It’s all about saving lives
Published 12:40 am Tuesday, May 17, 2011
Beaufort County’s decision to revive its Local Emergency Planning Committee after a five-year absence should not go unnoticed.
The committee and the plan it will produce – and update – will prove invaluable to the county and its residents. The committee’s mission is to better prepare the public and private sectors in the county to respond to emergencies such as natural disasters, environmental emergencies and other threats to the public’s safety and health. To carry out its mission, the committee must prepare an emergency-response plan that addresses multiple scenarios, update that plan at least annually and provide information about chemicals in the county to county residents.
Let’s hope that plan never has to be implemented. But if and when an emergency occurs that requires implementation of the plan, it will be ready to use. More importantly, those responsible for implementing the plan will know how to respond to the emergency. That means lives and property will be saved.
An important part of the planning process is determining what some potential hazards are and where they are located.
Part of the committee’s planning process includes requiring segments of the community that deal with specified amounts of hazardous materials to provide an annual inventory of those materials those pose hazards – chemical, biological, radioactive and so on. Those annual submissions are known as Tier II inventory reporting.
That reporting, make that accurate and complete reporting, goes a long way in helping the committee make Beaufort County a safer place to live. Information provided by such reporting lets the committee know exactly what it’s dealing with, in both planning for disasters and dealing with disasters.
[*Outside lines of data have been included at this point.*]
lemma FDP_at_lambda_m_le:
  fixes m N :: nat
  assumes Lfdr_x_nonneg: "\<And>i. i \<in> {1..m} \<Longrightarrow> 0 \<le> Lfdr \<pi>0 f0 f1 i (x i \<omega>)"
    and "0 < m" "0 < N" "0 \<le> \<alpha>" "0 \<le> \<epsilon>"
    and li: "li \<in> {0..1}" "\<epsilon> \<le> D0 li / 2" "(1 + \<alpha>) * \<epsilon> \<le> \<alpha> * D0 li - D1 li" "0 < D0 li"
    and modulus: "\<And>s t. s \<in> {0..1} \<Longrightarrow> t \<in> {0..1} \<Longrightarrow> \<bar>t - s\<bar> < 3 / N \<Longrightarrow> \<bar>D1 t - D1 s\<bar> < \<epsilon>"
    and close: "\<And>lam. lam \<in> insert li ((\<lambda>k. k / N) ` {..N}) \<Longrightarrow>
        \<bar>Dm0 \<pi>0 f0 f1 x m lam \<omega> / m - D0 lam\<bar> \<le> \<epsilon> \<and>
        \<bar>Dm1 \<pi>0 f0 f1 x m lam \<omega> / m - D1 lam\<bar> \<le> \<epsilon> \<and>
        \<bar>Vm \<pi>0 f0 f1 \<theta> x m lam \<omega> / m - D1 lam\<bar> \<le> \<epsilon>"
  shows "Vm \<pi>0 f0 f1 \<theta> x m (lambda_m \<pi>0 f0 f1 x \<alpha> m \<omega>) \<omega>
           / max (Dm0 \<pi>0 f0 f1 x m (lambda_m \<pi>0 f0 f1 x \<alpha> m \<omega>) \<omega>) 1
         \<le> \<alpha> + 3 * \<epsilon> / (D0 li / 2)"
proof -
  let ?lam = "lambda_m \<pi>0 f0 f1 x \<alpha> m \<omega>"
  have m: "0 < real m" using \<open>0 < m\<close> by simp
  have feasible_li: "Dm1 \<pi>0 f0 f1 x m li \<omega> \<le> \<alpha> * Dm0 \<pi>0 f0 f1 x m li \<omega>"
    and large_li: "m * (D0 li / 2) \<le> Dm0 \<pi>0 f0 f1 x m li \<omega>"
    using feasible_of_abs_divide_diff_le[OF m \<open>0 \<le> \<alpha>\<close> _ _ li(2,3)] close[of li] by auto
  then have FDRhat_li: "FDRhat \<pi>0 f0 f1 x m li \<omega> \<le> \<alpha>" by (simp add: FDRhat_le_iff \<open>0 \<le> \<alpha>\<close>)
  \<comment> \<open>The supremum lambda_m need not be feasible itself, so we use a feasible l' close to it.\<close>
  obtain l' where l': "l' \<in> {0..1}" "FDRhat \<pi>0 f0 f1 x m l' \<omega> \<le> \<alpha>" "?lam - 1 / N < l'" "l' \<le> ?lam"
    using lambda_m_approx[OF li(1) FDRhat_li, of "1 / N"] \<open>0 < N\<close> by auto
  obtain ka kb where k: "ka \<le> N" "kb \<le> N" "ka / N \<le> l'" "?lam \<le> kb / N" "kb / N - ka / N < 3 / N"
    using grid_points_bracket[of N l' ?lam] l' lambda_m_le_1[OF li(1) FDRhat_li] \<open>0 < N\<close> by auto
  have grid01: "k / N \<in> {0..1}" if "k \<le> N" for k using that \<open>0 < N\<close> by auto
  have bound: "Vm \<pi>0 f0 f1 \<theta> x m ?lam \<omega> \<le> \<alpha> * Dm0 \<pi>0 f0 f1 x m ?lam \<omega> + 3 * \<epsilon> * m"
  proof (rule bound_at_threshold_of_bracket[where V = "\<lambda>lam. Vm \<pi>0 f0 f1 \<theta> x m lam \<omega>"
        and C = "\<lambda>lam. Dm0 \<pi>0 f0 f1 x m lam \<omega>" and W = "\<lambda>lam. Dm1 \<pi>0 f0 f1 x m lam \<omega>"
        and L = D1 and ta = "ka / N" and tb = "kb / N" and l' = l'])
    show "mono (\<lambda>lam. Dm1 \<pi>0 f0 f1 x m lam \<omega>)" using Lfdr_x_nonneg by (rule mono_Dm1)
    show "Dm1 \<pi>0 f0 f1 x m l' \<omega> \<le> \<alpha> * Dm0 \<pi>0 f0 f1 x m l' \<omega>" using l'(2) by (simp add: FDRhat_le_iff \<open>0 \<le> \<alpha>\<close>)
    show "Vm \<pi>0 f0 f1 \<theta> x m (kb / N) \<omega> \<le> m * (D1 (kb / N) + \<epsilon>)"
      using bounds_of_abs_divide_diff_le(2)[OF m] close[of "kb / N"] k(2) by auto
    show "m * (D1 (ka / N) - \<epsilon>) \<le> Dm1 \<pi>0 f0 f1 x m (ka / N) \<omega>"
      using bounds_of_abs_divide_diff_le(1)[OF m] close[of "ka / N"] k(1) by auto
    show "D1 (kb / N) \<le> D1 (ka / N) + \<epsilon>"
      using modulus[OF grid01[OF k(1)] grid01[OF k(2)]] k(3-5) l'(4) by (auto simp: abs_less_iff)
  qed (use mono_Vm mono_Dm0 \<open>0 \<le> \<alpha>\<close> l'(4) k(3,4) in auto)
  have large: "m * (D0 li / 2) \<le> Dm0 \<pi>0 f0 f1 x m ?lam \<omega>"
    using large_li monoD[OF mono_Dm0 le_lambda_m[OF li(1) FDRhat_li]] by (rule order.trans)
  show ?thesis
    by (rule divide_max_1_le[OF Vm_nonneg bound large m]) (use li(4) \<open>0 \<le> \<epsilon>\<close> in auto)
qed

lemma FDRm_le_plus_measure:
  assumes "prob_space M" "B \<in> sets M" "0 \<le> a"
    and "\<And>\<omega>. \<omega> \<in> space M - B \<Longrightarrow>
      Vm \<pi>0 f0 f1 \<theta> x m (Lam \<omega>) \<omega> / max (Dm0 \<pi>0 f0 f1 x m (Lam \<omega>) \<omega>) 1 \<le> a"
  shows "FDRm M \<pi>0 f0 f1 \<theta> x m Lam \<le> a + measure M B"
proof -
  interpret prob_space M by (rule assms(1))
  show ?thesis unfolding FDRm_def
  proof (rule expectation_le_const_plus_prob[OF assms(2,3)])
    fix \<omega> assume "\<omega> \<in> space M"
    show "Vm \<pi>0 f0 f1 \<theta> x m (Lam \<omega>) \<omega> / max (Dm0 \<pi>0 f0 f1 x m (Lam \<omega>) \<omega>) 1
        \<le> a + indicator B \<omega>"
    proof (cases "\<omega> \<in> B")
      case True
      then have "indicator B \<omega> = (1 :: real)" by simp
      then show ?thesis using FDP_le_1[of \<pi>0 f0 f1 \<theta> x m "Lam \<omega>" \<omega>] assms(3) by linarith
    next
      case False
      then show ?thesis using assms(4) \<open>\<omega> \<in> space M\<close> by simp
    qed
  qed
qed

lemma eventually_FDRm_lambda_m_le:
  fixes M :: "'a measure" and li \<delta> :: real
  assumes "prob_space M" "0 < \<alpha>" "0 < \<delta>"
    and Lfdr_x_nonneg: "\<And>i \<omega>. i \<ge> 1 \<Longrightarrow> \<omega> \<in> space M \<Longrightarrow> 0 \<le> Lfdr \<pi>0 f0 f1 i (x i \<omega>)"
    and meas: "\<And>m lam. Dm0 \<pi>0 f0 f1 x m lam \<in> borel_measurable M"
      "\<And>m lam. Dm1 \<pi>0 f0 f1 x m lam \<in> borel_measurable M"
      "\<And>m lam. Vm \<pi>0 f0 f1 \<theta> x m lam \<in> borel_measurable M"
    and C1_D0: "\<And>lam. lam \<in> {0..1} \<Longrightarrow>
        conv_in_prob M (\<lambda>m \<omega>. Dm0 \<pi>0 f0 f1 x m lam \<omega> / real m) (D0 lam)"
    and C1_D1: "\<And>lam. lam \<in> {0..1} \<Longrightarrow>
        conv_in_prob M (\<lambda>m \<omega>. Dm1 \<pi>0 f0 f1 x m lam \<omega> / real m) (D1 lam)"
    and C1_V: "\<And>lam. lam \<in> {0..1} \<Longrightarrow>
        conv_in_prob M (\<lambda>m \<omega>. Vm \<pi>0 f0 f1 \<theta> x m lam \<omega> / real m) (D1 lam)"
    and D1_cont: "continuous_on {0..1} D1"
    and li: "li \<in> {0..1}" "0 < D0 li" "D1 li / D0 li < \<alpha>"
  shows "\<forall>\<^sub>F m in sequentially. FDRm M \<pi>0 f0 f1 \<theta> x m (lambda_m \<pi>0 f0 f1 x \<alpha> m) \<le> \<alpha> + \<delta>"
proof -
  interpret prob_space M by (rule assms(1))
  obtain \<epsilon> where \<epsilon>: "0 < \<epsilon>" "\<epsilon> \<le> D0 li / 2" "(1 + \<alpha>) * \<epsilon> \<le> \<alpha> * D0 li - D1 li"
      "3 * \<epsilon> / (D0 li / 2) \<le> \<delta> / 2"
    using small_tolerance_exists[OF \<open>0 < \<alpha>\<close> \<open>0 < \<delta>\<close> li(2,3)] by blast
  obtain N :: nat where "0 < N" and modulus:
      "\<And>s t. s \<in> {0..1} \<Longrightarrow> t \<in> {0..1} \<Longrightarrow> \<bar>t - s\<bar> < 3 / N \<Longrightarrow> \<bar>D1 t - D1 s\<bar> < \<epsilon>"
    using continuous_on_Icc_grid_modulus[OF D1_cont \<epsilon>(1), of 3] by auto
  define T where "T = insert li ((\<lambda>k. real k / real N) ` {..N})"
  have T: "finite T" "T \<subseteq> {0..1}" using li(1) \<open>0 < N\<close> by (auto simp: T_def)
  define B where "B m = {\<omega> \<in> space M. \<exists>lam\<in>T. \<epsilon> < \<bar>Dm0 \<pi>0 f0 f1 x m lam \<omega> / m - D0 lam\<bar>}
      \<union> {\<omega> \<in> space M. \<exists>lam\<in>T. \<epsilon> < \<bar>Dm1 \<pi>0 f0 f1 x m lam \<omega> / m - D1 lam\<bar>}
      \<union> {\<omega> \<in> space M. \<exists>lam\<in>T. \<epsilon> < \<bar>Vm \<pi>0 f0 f1 \<theta> x m lam \<omega> / m - D1 lam\<bar>}" for m
  have "(\<lambda>m. prob (B m)) \<longlonglongrightarrow> 0"
    unfolding B_def using T meas \<epsilon>(1) C1_D0 C1_D1 C1_V
    by (intro tendsto_measure_Un_zero tendsto_measure_deviation_finite) (auto simp: B_def)
  then have small: "\<forall>\<^sub>F m in sequentially. prob (B m) < \<delta> / 2"
    by (rule order_tendstoD(2)) (use \<open>0 < \<delta>\<close> in simp)
  have bound: "FDRm M \<pi>0 f0 f1 \<theta> x m (lambda_m \<pi>0 f0 f1 x \<alpha> m) \<le> \<alpha> + \<delta> / 2 + prob (B m)"
    if "0 < m" for m
  proof (rule FDRm_le_plus_measure[OF assms(1)])
    show "B m \<in> events" unfolding B_def using T(1) meas by measurable
    fix \<omega> assume "\<omega> \<in> space M - B m"
    then have "Vm \<pi>0 f0 f1 \<theta> x m (lambda_m \<pi>0 f0 f1 x \<alpha> m \<omega>) \<omega>
        / max (Dm0 \<pi>0 f0 f1 x m (lambda_m \<pi>0 f0 f1 x \<alpha> m \<omega>) \<omega>) 1 \<le> \<alpha> + 3 * \<epsilon> / (D0 li / 2)"
      using \<open>0 < m\<close> \<open>0 < N\<close> \<open>0 < \<alpha>\<close> \<epsilon> li modulus Lfdr_x_nonneg
      by (intro FDP_at_lambda_m_le[where ?D0.0 = D0 and ?D1.0 = D1 and li = li and N = N])
        (auto simp: B_def T_def not_less)
    then show "Vm \<pi>0 f0 f1 \<theta> x m (lambda_m \<pi>0 f0 f1 x \<alpha> m \<omega>) \<omega>
        / max (Dm0 \<pi>0 f0 f1 x m (lambda_m \<pi>0 f0 f1 x \<alpha> m \<omega>) \<omega>) 1 \<le> \<alpha> + \<delta> / 2"
      using \<epsilon>(4) by linarith
  qed (use \<open>0 < \<alpha>\<close> \<open>0 < \<delta>\<close> in auto)
  show ?thesis
    using small eventually_gt_at_top[of 0]
  proof eventually_elim
    case (elim m)
    then show ?case using bound[of m] by linarith
  qed
qed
John Pack, Beaufort County’s emergency-services coordinator, at the committee’s reorganization meeting last week, said having updated Tier II reports readily available and quickly accessible is critical to emergency-response personnel and others in helping them know how to deal with specific incidents.
“LEPC can’t function unless we know about these documents,” Pack said. “The Tier IIs are critical to the local fire departments and EMS so they know what hazards may be in their particular fire and EMS districts. It’s critical to the people at the facility so they can work with the local fire and EMS (departments). The LEPC’s job is to make sure this interface occurs.”
“Getting that information from each other is what it’s really all about,” Brian Barnes, a risk-management program coordinator with the N.C. Emergency Management Division, said during the reorganizational meeting held in Chocowinity last week.
He’s right, but there’s more to it.
We believe a reorganized LEPC will help save lives. That’s what it’s really all about.